If you must ‘peel,’ here is a tip from kc girl online: I use one of those white scouring cloths used for non-stick pans (instead of the brush). Hold it in your palm, wrap it around the carrot, and run it up and down with a little twisting action while under running water. It kind of “sands” the carrot and takes off just a little of the skin.
Purple Carrots! The ORIGINAL wild carrot was white or purple! The domestic carrot we eat today has been bred for size, a less woody core and sweetness! Purple carrots have even more beta carotene (good vision) than their orange cousins! Like blueberries, they get their purple pigment from anthocyanins, powerful antioxidants that protect key cell components. They grab and hold harmful free radicals in the body, help prevent heart disease by slowing blood clotting, and are anti-inflammatory (arthritis). So, they are cheaper than blueberries, higher in beta carotene, and you can grow them just about anywhere!

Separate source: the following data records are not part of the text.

lemma quotient_map_lift_homeomorphism:
  fixes p :: "'a::topological_space \<Rightarrow> 'b::topological_space"
  assumes p: "quotient_map euclidean (top_of_set S) p"
    and cont: "continuous_on UNIV g" "continuous_on UNIV g'"
    and inverse: "\<And>x. g' (g x) = x" "\<And>x. g (g' x) = x"
    and fibres: "\<And>x y. p x = p y \<Longrightarrow> p (g x) = p (g y)" "\<And>x y. p x = p y \<Longrightarrow> p (g' x) = p (g' y)"
  shows "\<exists>h h'. homeomorphism S S h h' \<and> (\<forall>x. h (p x) = p (g x))"
proof -
  have lift: "\<exists>k. continuous_on S k \<and> k ` S \<subseteq> S \<and> (\<forall>x. k (p x) = p (u x))"
    if u: "continuous_on UNIV u" and u_fibres: "\<And>x y. p x = p y \<Longrightarrow> p (u x) = p (u y)" for u
  proof -
    have "continuous_map euclidean euclidean u"
      using u by (simp add: continuous_map_iff_continuous2)
    then have cm: "continuous_map euclidean (top_of_set S) (p \<circ> u)"
      using continuous_map_compose quotient_imp_continuous_map[OF p] by blast
    have "\<And>x y. x \<in> topspace euclidean \<Longrightarrow> y \<in> topspace euclidean \<Longrightarrow> p x = p y \<Longrightarrow>
        (p \<circ> u) x = (p \<circ> u) y"
      unfolding comp_apply by (rule u_fibres)
    then show ?thesis
      by (rule quotient_map_lift_exists[OF p cm]) (auto simp: continuous_map_subtopology_eu)
  qed
  obtain h where h: "continuous_on S h" "h ` S \<subseteq> S" "\<And>x. h (p x) = p (g x)"
    using lift[OF cont(1) fibres(1)] by blast
  obtain h' where h': "continuous_on S h'" "h' ` S \<subseteq> S" "\<And>x. h' (p x) = p (g' x)"
    using lift[OF cont(2) fibres(2)] by blast
  have inverse_on: "h' (h w) = w" "h (h' w) = w" if w: "w \<in> S" for w
  proof -
    obtain x where "w = p x" using quotient_imp_surjective_map[OF p] w by auto
    then show "h' (h w) = w" "h (h' w) = w" by (simp_all add: h(3) h'(3) inverse)
  qed
  have "homeomorphism S S h h'"
    by (rule homeomorphismI[OF h(1) h'(1) h(2) h'(2) inverse_on])
  then show ?thesis using h(3) by blast
qed

section \<open>Orbit spaces of increasing homeomorphisms without fixed points\<close>

locale positive_shift =
  fixes f :: "real \<Rightarrow> real"
  assumes strict_mono: "strict_mono f" and surj: "surj f" and less_shift: "\<And>x. x < f x"
begin

lemma homeomorphism_inv: "homeomorphism UNIV UNIV f (inv_into UNIV f)"
  and strict_mono_inv: "strict_mono (inv_into UNIV f)"
  using strict_mono_surj_homeomorphism[OF strict_mono surj] by auto

lemma f_inv [simp]: "f (inv_into UNIV f x) = x" and inv_f [simp]: "inv_into UNIV f (f x) = x"
  using homeomorphism_inv by (auto simp: homeomorphism_def)

lemma continuous_on_f: "continuous_on UNIV f"
  and continuous_on_inv: "continuous_on UNIV (inv_into UNIV f)"
  using homeomorphism_inv by (auto simp: homeomorphism_def)

lemma inv_less: "inv_into UNIV f x < x"
  using less_shift[of "inv_into UNIV f x"] by simp

lemma le_funpow: "x \<le> (f ^^ n) x"
  by (induction n) (auto intro: order.trans less_imp_le[OF less_shift])

lemma funpow_inv_le: "(inv_into UNIV f ^^ n) x \<le> x"
  by (induction n) (auto intro: order.trans less_imp_le[OF inv_less])

lemma funpow_unbounded: obtains n where "y \<le> (f ^^ n) 0"
proof (rule ccontr)
  assume "\<not> thesis"
  then have below: "(f ^^ n) 0 < y" for n using that by (meson not_le)
  have "\<bar>(f ^^ n) 0\<bar> \<le> \<bar>y\<bar>" for n using below[of n] le_funpow[of 0 n] by arith
  then have "Bseq (\<lambda>n. (f ^^ n) 0)" by (intro BseqI'[of _ "\<bar>y\<bar>"]) auto
  moreover have "monoseq (\<lambda>n. (f ^^ n) 0)"
    by (intro incseq_imp_monoseq incseq_SucI) (simp add: less_imp_le[OF less_shift])
  ultimately show False
    using bounded_monotone_orbit_fixpoint[OF continuous_on_f] less_shift by (metis less_irrefl)
qed

lemma funpow_inv_unbounded: obtains n where "(inv_into UNIV f ^^ n) 0 \<le> y"
proof (rule ccontr)
  assume "\<not> thesis"
  then have above: "y < (inv_into UNIV f ^^ n) 0" for n using that by (meson not_le)
  have "\<bar>(inv_into UNIV f ^^ n) 0\<bar> \<le> \<bar>y\<bar>" for n using above[of n] funpow_inv_le[of n 0] by arith
  then have "Bseq (\<lambda>n. (inv_into UNIV f ^^ n) 0)" by (intro BseqI'[of _ "\<bar>y\<bar>"]) auto
  moreover have "monoseq (\<lambda>n. (inv_into UNIV f ^^ n) 0)"
    by (intro decseq_imp_monoseq decseq_SucI) (simp add: less_imp_le[OF inv_less])
  ultimately show False
    using bounded_monotone_orbit_fixpoint[OF continuous_on_inv] inv_less by (metis less_irrefl)
qed

definition pow_int :: "int \<Rightarrow> real \<Rightarrow> real" where
  "pow_int k = (if 0 \<le> k then f ^^ nat k else inv_into UNIV f ^^ nat (- k))"

lemma pow_int_succ: "pow_int (k + 1) x = f (pow_int k x)"
proof (cases "0 \<le> k")
  case True
  then have "nat (k + 1) = Suc (nat k)" by simp
  with True show ?thesis by (simp add: pow_int_def)
next
  case False
  then have "nat (- k) = Suc (nat (- (k + 1)))" and "0 \<le> k + 1 \<longleftrightarrow> k = -1"
    by auto
  with False show ?thesis by (auto simp: pow_int_def)
qed

lemma pow_int_add_nat: "pow_int (k + int n) x = (f ^^ n) (pow_int k x)"
proof (induction n)
  case (Suc n)
  have "pow_int (k + int (Suc n)) x = pow_int ((k + int n) + 1) x" by (simp add: algebra_simps)
  with Suc show ?case by (simp add: pow_int_succ)
qed (simp add: pow_int_def)

lemma pow_int_f: "pow_int k (f x) = f (pow_int k x)"
proof -
  have "(inv_into UNIV f ^^ n) (f x) = f ((inv_into UNIV f ^^ n) x)" for n
    by (rule funpow_commute[symmetric]) simp
  then show ?thesis by (simp add: pow_int_def funpow_swap1)
qed

lemma strict_mono_pow_int: "strict_mono (pow_int k)"
  by (simp add: pow_int_def strict_mono_funpow strict_mono strict_mono_inv)

lemma continuous_on_pow_int: "continuous_on UNIV (pow_int k)"
  by (simp add: pow_int_def continuous_on_funpow continuous_on_f continuous_on_inv)

lemma pow_int_mono: "k \<le> l \<Longrightarrow> pow_int k x \<le> pow_int l x"
  using pow_int_add_nat[of k "nat (l - k)" x] le_funpow by simp

definition conjugacy :: "real \<Rightarrow> real" where
  "conjugacy t = pow_int \<lfloor>t\<rfloor> (f 0 * (t - of_int \<lfloor>t\<rfloor>))"

lemma conjugacy_int [simp]: "conjugacy (of_int k) = pow_int k 0"
  by (simp add: conjugacy_def)

lemma conjugacy_eq_pow_int:
  assumes "of_int n \<le> t" "t \<le> of_int n + 1"
  shows "conjugacy t = pow_int n (f 0 * (t - of_int n))"
proof (cases "t < of_int n + 1")
  case True
  then have "\<lfloor>t\<rfloor> = n" using assms by linarith
  then show ?thesis by (simp add: conjugacy_def)
next
  case False
  then have "t = of_int (n + 1)" using assms by simp
  then show ?thesis by (simp add: conjugacy_def pow_int_succ pow_int_f)
qed

lemma conjugacy_succ: "conjugacy (t + 1) = f (conjugacy t)"
  by (simp add: conjugacy_def pow_int_succ)

lemma conjugacy_add_nat: "conjugacy (t + of_nat n) = (f ^^ n) (conjugacy t)"
proof (induction n)
  case (Suc n)
  have "t + of_nat (Suc n) = (t + of_nat n) + 1" by simp
  with Suc show ?case by (simp only: conjugacy_succ) simp
qed simp

lemma continuous_on_conjugacy: "continuous_on UNIV conjugacy"
proof (intro continuous_at_imp_continuous_on ballI)
  fix t :: real
  have piece: "continuous_on {of_int n..of_int n + 1} conjugacy" for n
  proof (rule continuous_on_eq)
    show "continuous_on {of_int n..of_int n + 1} (\<lambda>t. pow_int n (f 0 * (t - of_int n)))"
      by (intro continuous_on_compose2[OF continuous_on_pow_int] continuous_intros) auto
  qed (use conjugacy_eq_pow_int in auto)
  define n where "n = \<lfloor>t\<rfloor>"
  have "continuous_on ({of_int n - 1..of_int n} \<union> {of_int n..of_int n + 1}) conjugacy"
    using piece[of "n - 1"] piece[of n] by (intro continuous_on_closed_Un) auto
  moreover have "{of_int n - 1..of_int n} \<union> {of_int n..of_int n + 1} = {of_int n - 1..of_int n + (1::real)}"
    by auto
  moreover have "t \<in> interior {of_int n - 1..of_int n + (1::real)}"
    unfolding n_def by simp linarith
  ultimately show "isCont conjugacy t"
    using continuous_on_interior by metis
qed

Safety note! Carrots are generally very sweet. If you have diabetes or are at risk for developing the condition, read up about it, please.
Statistics Carrots are one of the ten most economically important vegetables crops in the world. 2020: China 44%, Uzbekistan 7% and the US 3%. 2021: California produces over 85 percent of all carrots grown in the United States! California has four main production areas for carrots: southern San Joaquin Valley and the Cuyama Valley (Kern and Santa Barbara Counties); the southern desert (Imperial and Riverside Counties); the high desert (Los Angeles County); and the central coast (Monterey County).
Carrots have true Fans! The Holtville CA Annual Carrot Festival has been on since 1948! This year, 2023, it is Feb 3 to 12! The 76th Carrot Parade & Street Fair is February 11!
Mazel tov! To your very excellent health!
Updated 3.29.23
Love your Mother! Plant bird & bee food! Think grey water! Grow organic! Bless you for being such a wonderful Earth Steward!
The Green Bean Connection newsletter started as correspondence for the Santa Barbara CA USA, Pilgrim Terrace Community Garden. Both Santa Barbara City’s remaining community gardens are very coastal. Climate is changing, but it has been that during late spring/summer we are in a fog belt/marine layer area most years, locally referred to as the May grays, June glooms and August fogusts. Keep that in mind compared to the microclimate niche where your veggie garden is.